Nie mam wrażenia, żeby ostatni spór był sporem historyków. Historycy wypowiadają się w nim akurat najrzadziej, a jeśli już to robią, czynią to w sposób bardzo oszczędny i tonujący debatę. Człowiek bez historii jest biedakiem. Tak samo jak biedakiem jest człowiek, który przestraszył się jakiejś części swojej historii i zamiast historii chce tworzyć jakąś jednostronną mitologię. Brak uwięzienia w kleszczach historii oznacza, że my mamy wybór. Trzeba znać całą historię, żeby się zastanowić, którą jej część chcemy kontynuować.

W sytuacji konfliktu dwóch osób w pewnym momencie obie strony mogą przestać się licytować, kto bardziej zawinił, otwierając przestrzeń dla przebaczenia. Czy to jest możliwe na poziomie wspólnoty narodowej? Czy mam prawo wybaczyć także w imieniu tych, którzy chcą się jeszcze licytować?

Biada nam, gdybyśmy sobie odmówili takiego prawa.
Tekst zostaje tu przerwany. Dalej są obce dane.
(* Let $p_1,\dots,p_n\in S^1$ and let $a_1,\dots,a_n$ be nonnegative integers with $a_1+\cdots+a_n$ even. Then the ideal $\mathfrak m_{p_1}^{a_1}\mathfrak m_{p_2}^{a_2}\cdots\mathfrak m_{p_n}^{a_n}$ of $C_{an}(S^1;\mathbf{R})$ is principal.
   Context: $S^1$ is identified with $\mathbf{R}/2\pi\mathbf{Z}$. $C_{an}(S^1;\mathbf{R})$ is the ring (under pointwise operations) of real-valued real-analytic functions on $S^1$, i.e. $2\pi$-periodic real-analytic functions $\mathbf{R}\to\mathbf{R}$. For $p\in S^1$, $\mathfrak m_p=\{f\in C_{an}(S^1;\mathbf{R}): f(p)=0\}$. *)

theory Defs
  imports "HOL-Analysis.Analysis" "HOL-Algebra.Ideal_Product"
begin

definition real_analytic_at :: "(real \<Rightarrow> real) \<Rightarrow> real \<Rightarrow> bool" where
  "real_analytic_at f x \<longleftrightarrow>
     (\<exists>r>0. \<exists>c :: nat \<Rightarrow> real. \<forall>y. \<bar>y - x\<bar> < r \<longrightarrow> (\<lambda>k. c k * (y - x) ^ k) sums f y)"

text \<open>The ring C_an(S^1;R) of 2pi-periodic real-analytic functions R -> R, pointwise operations.\<close>
definition Can :: "(real \<Rightarrow> real) ring" where
  "Can = \<lparr> carrier = {f. (\<forall>x. f (x + 2 * pi) = f x) \<and> (\<forall>x. real_analytic_at f x)},
           mult = (\<lambda>f g x. f x * g x),
           one = (\<lambda>x. 1),
           zero = (\<lambda>x. 0),
           add = (\<lambda>f g x. f x + g x) \<rparr>"

text \<open>The maximal ideal of functions vanishing at p (p a real representative of a point of S^1).\<close>
definition mideal :: "real \<Rightarrow> (real \<Rightarrow> real) set" where
  "mideal p = {f \<in> carrier Can. f p = 0}"

definition ideal_power :: "(real \<Rightarrow> real) set \<Rightarrow> nat \<Rightarrow> (real \<Rightarrow> real) set" where
  "ideal_power I k = I [^]\<^bsub>ideals_set Can\<^esub> k"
W 1965 roku cała masa ideologów wytykała polskim biskupom, że nie mają prawa mówić w imieniu narodu polskiego do narodu niemieckiego: „Przebaczamy i prosimy o przebaczenie”.

Prawdopodobnie dziś spotkałoby się to z takim samym niezrozumieniem…

Więcej – niektórzy nawet pytają, czy taki list byłby dzisiaj w ogóle możliwy. To są jakieś niewyobrażalne paradoksy. Przecież w 1965 roku żyło jeszcze mnóstwo ludzi, którzy wojnę znali z autopsji, a możliwe, że dzisiaj protesty przeciwko takiemu listowi byłyby równie mocne i wychodziłyby z ust i spod piór ludzi, którzy wojny nie widzieli i znają ją z filmów. Dialogowi najlepiej służy taka postawa, kiedy każdy bije się we własne piersi, a nie w cudze. Słowo „przepraszam” otwiera rozmowę. Nie musi zawsze spotkać się z pozytywnym odzewem. Jest wypowiedziane bezinteresownie, nie zakłada więc, że koniecznie z drugiej strony musi paść takie samo słowo.

A jeśli druga strona nie tylko nie daje mi tego samego, ale wręcz zarzuca mi rzeczy, których nie popełniłem? Jako osoba prywatna mogę to jeszcze przełknąć. Ale czy jako reprezentant większej społeczności mam prawo zgodzić się na fałszywe oskarżenia, czy raczej obowiązek bronić dobrego imienia tej grupy?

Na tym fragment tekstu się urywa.